Dans un “avis divers” qui a été publié au Journal Officiel en date du 22 juillet, la commission s’inquiète de l’usage croissant du préfixe “e” (du mot anglais “electronic” mais aussi ses tentatives de dérivés français comme “é-“ ou “i”) pour désigner des activités fondées sur l’utilisation des réseaux informatiques et des télécommunications. “e- est un néologisme hybride entre lettre, mot et concept, porteur de difficultés de tous ordres”, estime la gardienne de la langue française. Elle recommande d’écarter cette formule “pour les risques de confusion liés aux incertitudes de prononciation et surtout de sens qu’ils recèlent.”

Toutefois, la Commission générale de terminologie et de néologie reconnaît qu’il n’existe pas de solutions alternatives systématiquement.

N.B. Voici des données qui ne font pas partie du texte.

lemma qtrace_qmult_sum: "qtrace (qmult (\<lambda>i j. \<Sum>m\<in>F. D m i j) Y) = (\<Sum>m\<in>F. qtrace (qmult (D m) Y))"
proof -
  have "qtrace (qmult (\<lambda>i j. \<Sum>m\<in>F. D m i j) Y) = (\<Sum>i\<in>UNIV. \<Sum>k\<in>UNIV. \<Sum>m\<in>F. D m i k * Y k i)"
    unfolding qtrace_def qmult_def by (simp add: sum_distrib_right)
  also have "\<dots> = (\<Sum>m\<in>F. \<Sum>i\<in>UNIV. \<Sum>k\<in>UNIV. D m i k * Y k i)"
    unfolding sum.cartesian_product
    by (rule sum.reindex_bij_witness[where i="\<lambda>(m, i, k). (i, k, m)" and j="\<lambda>(i, k, m). (m, i, k)"]) auto
  finally show ?thesis unfolding qtrace_def qmult_def .
qed

lemma qmult_qid: "qmult qid X = (X :: ('a::finite) qop)"
  unfolding qmult_def qid_def by (simp add: if_distrib if_distribR cong: if_cong)

lemma qtrace_qtensor: "qtrace (qtensor X Y) = qtrace X * qtrace Y"
  unfolding qtrace_def qtensor_def sum_UNIV_prod by (simp add: sum_product)

lemma qtrace_ketbra:
  assumes "unit_vec v"
  shows "qtrace (ketbra v) = 1"
proof -
  have "qtrace (ketbra v) = of_real (\<Sum>i\<in>UNIV. (cmod (v i))\<^sup>2)"
    unfolding qtrace_def ketbra_def by (simp only: of_real_sum complex_norm_square)
  then show ?thesis using assms unfolding unit_vec_def by simp
qed

section \<open>Cholesky factorisation and polar decomposition\<close>

lemma psd_on_schur_complement:
  assumes fin: "finite S" and p: "p \<in> S" and psd: "psd_on S X" and nz: "X p p \<noteq> 0"
  defines "c \<equiv> complex_of_real (sqrt (Re (X p p)))"
  shows "psd_on (S - {p}) (\<lambda>i j. X i j - (X i p / c) * cnj (X j p / c))"
  unfolding psd_on_iff_qform
proof
  fix v
  define S' where "S' = S - {p}"
  define d where "d = X p p"
  have herm: "\<And>i j. i \<in> S \<Longrightarrow> j \<in> S \<Longrightarrow> X i j = cnj (X j i)"
    by (rule psd_on_hermitian[OF fin psd])
  have dpos: "Re d > 0"
    using psd_on_diag[OF fin psd p] nz unfolding d_def by (auto simp: complex_eq_iff)
  have dreal: "d = of_real (Re d)"
    using psd_on_diag(1)[OF fin psd p] unfolding d_def by (simp add: complex_eq_iff)
  have cc: "c * c = d" unfolding c_def d_def[symmetric] using dpos
    by (subst dreal) (simp flip: of_real_mult)
  have c0: "c \<noteq> 0" and d0: "d \<noteq> 0" and cd: "cnj d = d"
    using dpos dreal unfolding c_def d_def[symmetric] by (auto simp: complex_eq_iff)
  have c_real: "cnj c = c" unfolding c_def by simp
  define b where "b = (\<Sum>j\<in>S'. X p j * v j)"
  have herm_p: "X i p = cnj (X p i)" if "i \<in> S'" for i
    by (rule herm) (use that p in \<open>auto simp: S'_def\<close>)
  have b_cnj: "(\<Sum>i\<in>S'. cnj (v i) * X i p) = cnj b"
    unfolding b_def cnj_sum by (rule sum.cong) (simp_all add: herm_p)
  \<comment> \<open>Completing the square: extend v by - b / d at p.\<close>
  define w where "w i = (if i = p then - b / d else v i)" for i
  have S: "S = insert p S'" "p \<notin> S'" "finite S'" using p fin by (auto simp: S'_def)
  have w_S': "\<And>i. i \<in> S' \<Longrightarrow> w i = v i" unfolding w_def using S by auto
  have "qform S X w = cnj (w p) * d * w p + (\<Sum>j\<in>S'. cnj (w p) * X p j * w j)
      + ((\<Sum>i\<in>S'. cnj (w i) * X i p * w p) + qform S' X w)"
    unfolding qform_def d_def S(1) using S(2,3) by (simp add: sum.distrib)
  also have "(\<Sum>j\<in>S'. cnj (w p) * X p j * w j) = cnj (w p) * b"
    unfolding b_def sum_distrib_left using w_S' by (auto intro!: sum.cong simp: mult_ac)
  also have "(\<Sum>i\<in>S'. cnj (w i) * X i p * w p) = cnj b * w p"
    unfolding b_cnj[symmetric] sum_distrib_right using w_S' by (auto intro!: sum.cong simp: mult_ac)
  also have "qform S' X w = qform S' X v"
    unfolding qform_def using w_S' by (auto intro!: sum.cong)
  finally have "qform S X w = qform S' X v - cnj b * b / d"
    using d0 cd by (simp add: w_def[of p] field_simps)
  moreover have "qform S' (\<lambda>i j. X i j - (X i p / c) * cnj (X j p / c)) v = qform S' X v - cnj b * b / d"
  proof -
    have "(\<Sum>j\<in>S'. cnj (X j p) * v j) = b"
      unfolding b_def by (rule sum.cong) (simp_all add: herm_p)
    then have "qform S' (\<lambda>i j. (X i p / c) * cnj (X j p / c)) v
        = (\<Sum>i\<in>S'. cnj (v i) * X i p) * (\<Sum>j\<in>S'. cnj (X j p) * v j) / (c * c)"
      unfolding qform_def sum_product sum_divide_distrib by (intro sum.cong refl) (simp add: c_real field_simps)
    also have "\<dots> = cnj b * b / d" using b_cnj \<open>(\<Sum>j\<in>S'. cnj (X j p) * v j) = b\<close> cc by simp
    finally show ?thesis by (simp add: qform_diff)
  qed
  ultimately show "Im (qform (S - {p}) (\<lambda>i j. X i j - (X i p / c) * cnj (X j p / c)) v) = 0 \<and>
      Re (qform (S - {p}) (\<lambda>i j. X i j - (X i p / c) * cnj (X j p / c)) v) \<ge> 0"
    using psd unfolding psd_on_iff_qform S'_def by metis
qed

Les préconisations sont du coup nuancées : pour le cas du préfixe “cyber”, il faut en limiter l’usage sauf s’il est ancré dans l’esprit des gens comme les notions de “cybercafé” ou de “cybercriminalité”. Toutefois, la Commission générale de terminologie et de néologie juge ce préfixe “peu satisfaisant sur le plan éthymologique”, renvoyant à une note de l’Académie des Sciences en date de?1959 qui se penchait sur la question de la cybernétique.

Tous “en ligne”

Pour tenter de contrer le développement de la novlangue liée aux nouvelles technologies, l’organisme de défense de la langue française prône l’utilisation de deux autres éléments pour parler des nouvelles technologies. Il recommande l’utilisation du préfixe “télé-“ du moment qu’il n’existe aucune ambiguïté “avec le domaine de la télévision” ou “avec des activités à distance”. Une dernière précision qui peut paraître assez paradoxale pour l’univers Internet tourné vers la dématérialisation des services.

Finalement, c’est la formule “en ligne” qui est considérée comme la plus fédératrice aux yeux des membres de la Commission. De là à dire qu’elle lève aussi toutes les ambiguïtés?